Muridiyya pedagogy is modeled on Ghazalian epistemology and, therefore, provides for a division of labor among the members of the scholar class. There are scholars of book learning (the shaykh taalim) and scholars of character building (the shaykh tarbiyya). A subset of the latter is the shaykh tarqiyya, whose personal character is acknowledged by his community to have "ascended" beyond the usual excellences of the shaykh tarbiyya. I am uncertain as to whether Bamba considered Faal to have achieved this third level.

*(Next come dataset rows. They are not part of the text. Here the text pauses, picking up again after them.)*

(* Let $(\Omega,\mathcal{F},\mathbb{P})$ be a probability space, $\mathcal{G}\subseteq\mathcal{F}$ a sub-$\sigma$-algebra, and $m\in\mathbb{N}$. Let $X:\Omega\to\mathcal{M}_{\mathcal{I}}^{(m)}$ be $\mathcal{G}$-measurable and almost surely bounded, with $X(\omega)=\langle [a_k(\omega),a_k(\omega)]\rangle_{0\le k\le m}$ (degenerate intervals) for all $\omega\in\Omega$, and let $Y:\Omega\to\mathcal{M}_{\mathcal{I}}^{(m)}$ be a random variable. Then $\mathbb{E}[X\otimes Y\mid\mathcal{G}]=X\otimes\mathbb{E}[Y\mid\mathcal{G}]$ almost surely.
   Context: The interval semiring $\mathcal{I}$ has carrier $\{[a,b]:a\le b\}$, $[a,b]+_{\mathcal{I}}[c,d]=[a+c,b+d]$, $[a,b]\cdot_{\mathcal{I}}[c,d]=[\min S,\max S]$ with $S=\{ac,ad,bc,bd\}$. The moment semiring $\mathcal{M}_{\mathcal{I}}^{(m)}$ consists of vectors $\langle u_k\rangle_{0\le k\le m}$ of intervals with pointwise addition $\oplus$ and product $\langle u_k\rangle\otimes\langle v_k\rangle=\big\langle \sum_{i=0}^k\binom{k}{i}\times(u_i\cdot_{\mathcal{I}} v_{k-i})\big\rangle_{0\le k\le m}$ (sums in $+_{\mathcal{I}}$, $n\times u$ meaning the $n$-fold $+_{\mathcal{I}}$-sum of $u$). (Conditional) expectations of $\mathcal{M}_{\mathcal{I}}^{(m)}$-valued random variables are taken componentwise on the interval endpoints (for random variables whose endpoints are integrable). *)

theory Defs
  imports "HOL-Probability.Probability"
begin

text \<open>Intervals [a,b] are represented as pairs (a,b) with a \<le> b.\<close>
type_synonym interval = "real \<times> real"

definition iadd :: "interval \<Rightarrow> interval \<Rightarrow> interval" where
  "iadd u v = (fst u + fst v, snd u + snd v)"

definition imul :: "interval \<Rightarrow> interval \<Rightarrow> interval" where
  "imul u v = (let S = {fst u * fst v, fst u * snd v, snd u * fst v, snd u * snd v}
               in (Min S, Max S))"

fun iscale :: "nat \<Rightarrow> interval \<Rightarrow> interval" where
  "iscale 0 u = (0, 0)"
| "iscale (Suc n) u = iadd u (iscale n u)"

fun isum :: "(nat \<Rightarrow> interval) \<Rightarrow> nat \<Rightarrow> interval" where
  "isum f 0 = f 0"
| "isum f (Suc k) = iadd (isum f k) (f (Suc k))"

text \<open>Moment-semiring elements: vectors nat \<Rightarrow> interval, only components 0..m matter.\<close>
definition mprod :: "(nat \<Rightarrow> interval) \<Rightarrow> (nat \<Rightarrow> interval) \<Rightarrow> nat \<Rightarrow> interval" where
  "mprod u v k = isum (\<lambda>i. iscale (k choose i) (imul (u i) (v (k - i)))) k"

definition mcond_exp :: "'a measure \<Rightarrow> 'a measure \<Rightarrow> ('a \<Rightarrow> nat \<Rightarrow> interval) \<Rightarrow> 'a \<Rightarrow> nat \<Rightarrow> interval" where
  "mcond_exp M G Z \<omega> k =
     (real_cond_exp M G (\<lambda>x. fst (Z x k)) \<omega>, real_cond_exp M G (\<lambda>x. snd (Z x k)) \<omega>)"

The shaykh taalim teaches his students the classical curriculum in order to instill within them (1) knowledge of the curriculum and (2) knowledge of the limitations of such knowledge. Some students find this level of education sufficient for their needs and eventually move on. Others, however, are made anxious by this level of education; they grow restless and want to learn something that will help them to discover meaning in their lives. The latter type of student is then introduced to the shaykh tarbiyya. This mode of learning is practical and residential. It is acquired through living in close quarters with the shaykh tarbiyya and observing his conduct in ordinary life situations. Conversation and emulation are the methods of tarbiyya. The student receiving this type of education is learning a way of being-in-the-world by following the example of someone whose way of being-in-the-world is worth emulating--someone like Ibra Faal who was humble, generous, and always thinking about the welfare of others.

Thursday, August 01, 2013

Ibra Faal


"Ibra Faal inaugurated a new ethic of behavior between master and disciple in the school of Mbakke Kajoor [Senegal]. This ethic required excessive veneration of the persona of Amadu Bamba. Faal knelt and removed his headwear when talking to [the Sheikh], bowed his head when greeting him, abstained from eating out of the same bowl as Bamba, and refused to allow anybody to lead his sheikh in prayer. He devoted his life at [Bamba's] school to work instead of instruction and worship. He collected firewood and timber for construction during the day and fetched water for Amadu Bamba's wives during the night. He neglected praying and fasting and gradually abandoned these canonical acts of worship. Faal's behavior toward his sheikh was not uncommon among Sufi[s], especially at what Trimingham terms the taifa stage. His demeanor was consistent with that of a mazjub--an ascetic who is so consumed by his love of God that he has lost all sense of reality, blurring the boundaries between the lawful and unlawful and putting spiritual exercises and disciplining the body over formal worship. Majzub behavior was seemingly unknown in Wolof country. Amadu Bamba, who was well versed in Muslim mysticism, was in a position to understand and tolerate his disciple's odd outlook, but this was not true for his entourage. Ibra Faal's attitude shocked the students in the school but impressed Amadu Bamba, who refused to get rid of him despite growing protestations from his followers. Faal's neglect of the fundamental Islamic rituals outraged many who considered him to be a madman. Amadu Bamba's refusal to dismiss his atypical disciple prompted many families of doomi sokhna to withdraw or put pressure on their sons to abandon the school of Mbakke Kajoor." --Cheikh Anta Babou, Fighting the Greater Jihad: Amadu Bamba and the Founding of the Muridiyya of Senegal, 1853-1913, Athens, OH: Ohio University Press (2007), 65.